▶ [Task item]:
Go through the entries below and print, exactly, the lines starting at the one with "using convex_on_add[OF convex_on_linear[OF" and ending at the one with "by (simp add: convex_on_const)", keeping both ends and no others.

(Stored items)
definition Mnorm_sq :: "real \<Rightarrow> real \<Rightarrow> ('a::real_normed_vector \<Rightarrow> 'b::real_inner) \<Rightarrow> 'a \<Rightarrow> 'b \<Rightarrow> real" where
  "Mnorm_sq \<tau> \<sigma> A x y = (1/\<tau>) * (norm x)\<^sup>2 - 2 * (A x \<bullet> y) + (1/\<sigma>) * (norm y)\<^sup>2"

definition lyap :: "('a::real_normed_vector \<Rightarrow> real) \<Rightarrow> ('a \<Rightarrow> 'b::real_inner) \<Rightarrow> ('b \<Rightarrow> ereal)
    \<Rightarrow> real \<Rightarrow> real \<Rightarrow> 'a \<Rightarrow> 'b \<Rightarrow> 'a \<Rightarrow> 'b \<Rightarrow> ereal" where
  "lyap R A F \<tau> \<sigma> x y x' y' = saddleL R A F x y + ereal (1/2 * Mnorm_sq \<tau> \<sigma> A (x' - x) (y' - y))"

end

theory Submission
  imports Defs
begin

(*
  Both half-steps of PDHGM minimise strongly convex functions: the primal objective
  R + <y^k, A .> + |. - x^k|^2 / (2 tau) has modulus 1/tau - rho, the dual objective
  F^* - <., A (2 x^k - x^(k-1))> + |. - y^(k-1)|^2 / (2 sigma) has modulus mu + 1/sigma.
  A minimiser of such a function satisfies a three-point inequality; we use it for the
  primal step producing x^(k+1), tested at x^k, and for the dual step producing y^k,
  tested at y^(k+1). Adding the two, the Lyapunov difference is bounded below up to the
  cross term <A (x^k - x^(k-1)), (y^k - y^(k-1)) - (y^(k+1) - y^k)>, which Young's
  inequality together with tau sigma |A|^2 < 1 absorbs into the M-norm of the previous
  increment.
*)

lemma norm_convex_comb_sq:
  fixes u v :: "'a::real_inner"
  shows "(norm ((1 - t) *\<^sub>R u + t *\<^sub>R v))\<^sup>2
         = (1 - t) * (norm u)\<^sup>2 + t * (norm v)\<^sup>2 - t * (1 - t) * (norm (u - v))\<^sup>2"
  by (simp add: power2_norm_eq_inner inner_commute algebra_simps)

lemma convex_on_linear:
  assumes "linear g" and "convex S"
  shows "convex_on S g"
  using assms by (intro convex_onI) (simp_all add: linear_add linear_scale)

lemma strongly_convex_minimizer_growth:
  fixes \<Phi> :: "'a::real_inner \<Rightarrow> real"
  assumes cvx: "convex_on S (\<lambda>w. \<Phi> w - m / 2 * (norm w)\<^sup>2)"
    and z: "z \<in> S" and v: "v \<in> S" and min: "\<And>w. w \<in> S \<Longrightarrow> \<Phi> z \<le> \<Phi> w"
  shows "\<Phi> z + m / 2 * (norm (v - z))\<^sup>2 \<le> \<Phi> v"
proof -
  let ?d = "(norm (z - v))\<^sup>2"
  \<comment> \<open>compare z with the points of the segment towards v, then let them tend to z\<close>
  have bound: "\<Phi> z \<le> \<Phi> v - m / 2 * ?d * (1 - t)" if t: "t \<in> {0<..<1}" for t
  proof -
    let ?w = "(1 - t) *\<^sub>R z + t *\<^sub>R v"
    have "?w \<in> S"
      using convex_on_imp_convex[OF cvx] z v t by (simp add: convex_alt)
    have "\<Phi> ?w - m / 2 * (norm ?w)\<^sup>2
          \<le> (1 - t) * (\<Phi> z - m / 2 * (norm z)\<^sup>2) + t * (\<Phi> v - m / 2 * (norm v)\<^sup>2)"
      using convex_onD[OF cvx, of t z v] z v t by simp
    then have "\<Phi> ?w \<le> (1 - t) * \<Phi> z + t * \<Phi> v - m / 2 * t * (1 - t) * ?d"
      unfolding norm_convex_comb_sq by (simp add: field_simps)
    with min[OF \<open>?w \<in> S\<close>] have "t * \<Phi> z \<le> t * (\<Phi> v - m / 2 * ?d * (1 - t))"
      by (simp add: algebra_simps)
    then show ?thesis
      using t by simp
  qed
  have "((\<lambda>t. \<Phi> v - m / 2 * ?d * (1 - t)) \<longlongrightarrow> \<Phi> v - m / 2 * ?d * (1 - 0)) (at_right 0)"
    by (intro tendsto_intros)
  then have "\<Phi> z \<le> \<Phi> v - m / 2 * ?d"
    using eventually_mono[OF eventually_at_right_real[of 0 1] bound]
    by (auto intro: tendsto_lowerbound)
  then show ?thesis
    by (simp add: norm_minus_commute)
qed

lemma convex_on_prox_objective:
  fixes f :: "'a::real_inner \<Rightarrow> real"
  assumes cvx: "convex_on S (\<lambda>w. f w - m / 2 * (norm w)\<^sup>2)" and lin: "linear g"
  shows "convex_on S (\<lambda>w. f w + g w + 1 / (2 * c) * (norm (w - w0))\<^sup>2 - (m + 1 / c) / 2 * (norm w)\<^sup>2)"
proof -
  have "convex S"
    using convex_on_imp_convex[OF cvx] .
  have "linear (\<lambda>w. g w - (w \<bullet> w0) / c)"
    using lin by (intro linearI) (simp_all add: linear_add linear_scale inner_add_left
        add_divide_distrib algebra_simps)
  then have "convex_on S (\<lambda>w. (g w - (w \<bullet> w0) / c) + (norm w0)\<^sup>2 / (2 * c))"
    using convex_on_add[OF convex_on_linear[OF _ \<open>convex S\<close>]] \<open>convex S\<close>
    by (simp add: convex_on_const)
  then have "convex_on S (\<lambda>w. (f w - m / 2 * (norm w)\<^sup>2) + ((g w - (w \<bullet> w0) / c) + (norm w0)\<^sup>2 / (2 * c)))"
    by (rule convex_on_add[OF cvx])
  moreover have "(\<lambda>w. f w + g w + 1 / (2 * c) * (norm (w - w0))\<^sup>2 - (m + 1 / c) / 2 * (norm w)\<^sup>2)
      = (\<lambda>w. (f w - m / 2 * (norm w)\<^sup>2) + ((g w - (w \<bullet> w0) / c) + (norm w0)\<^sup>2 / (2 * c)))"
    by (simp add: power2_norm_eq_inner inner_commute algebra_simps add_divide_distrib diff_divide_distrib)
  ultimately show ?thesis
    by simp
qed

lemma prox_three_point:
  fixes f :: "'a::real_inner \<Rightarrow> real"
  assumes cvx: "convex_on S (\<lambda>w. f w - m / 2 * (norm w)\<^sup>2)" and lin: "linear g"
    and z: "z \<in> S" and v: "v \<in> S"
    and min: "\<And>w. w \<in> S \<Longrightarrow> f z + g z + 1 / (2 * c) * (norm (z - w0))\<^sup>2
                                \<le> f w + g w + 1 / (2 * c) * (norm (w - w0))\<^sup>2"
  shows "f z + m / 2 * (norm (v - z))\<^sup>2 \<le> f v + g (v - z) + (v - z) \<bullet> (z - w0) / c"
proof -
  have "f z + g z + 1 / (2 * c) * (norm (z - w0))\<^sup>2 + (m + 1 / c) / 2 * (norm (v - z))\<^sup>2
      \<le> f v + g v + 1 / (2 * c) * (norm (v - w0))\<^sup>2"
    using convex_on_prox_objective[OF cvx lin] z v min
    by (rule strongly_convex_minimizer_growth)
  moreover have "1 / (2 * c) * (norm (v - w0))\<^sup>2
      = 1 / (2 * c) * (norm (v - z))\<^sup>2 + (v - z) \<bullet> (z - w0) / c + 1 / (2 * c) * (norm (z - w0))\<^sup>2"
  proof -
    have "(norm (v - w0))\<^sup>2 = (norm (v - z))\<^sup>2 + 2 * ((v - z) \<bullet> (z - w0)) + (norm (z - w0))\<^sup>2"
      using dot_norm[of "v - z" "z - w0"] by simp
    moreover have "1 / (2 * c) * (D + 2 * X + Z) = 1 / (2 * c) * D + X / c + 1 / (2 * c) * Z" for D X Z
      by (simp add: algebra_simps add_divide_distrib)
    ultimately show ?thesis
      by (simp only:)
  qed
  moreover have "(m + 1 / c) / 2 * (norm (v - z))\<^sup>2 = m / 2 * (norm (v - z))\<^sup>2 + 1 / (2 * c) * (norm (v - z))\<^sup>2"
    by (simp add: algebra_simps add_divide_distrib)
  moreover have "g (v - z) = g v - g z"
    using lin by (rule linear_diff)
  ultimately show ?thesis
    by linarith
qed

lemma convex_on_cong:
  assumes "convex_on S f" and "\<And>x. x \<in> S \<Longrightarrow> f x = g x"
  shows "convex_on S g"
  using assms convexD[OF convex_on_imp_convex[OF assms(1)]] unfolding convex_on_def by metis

▶ [Task response]:
    using convex_on_add[OF convex_on_linear[OF _ \<open>convex S\<close>]] \<open>convex S\<close>
    by (simp add: convex_on_const)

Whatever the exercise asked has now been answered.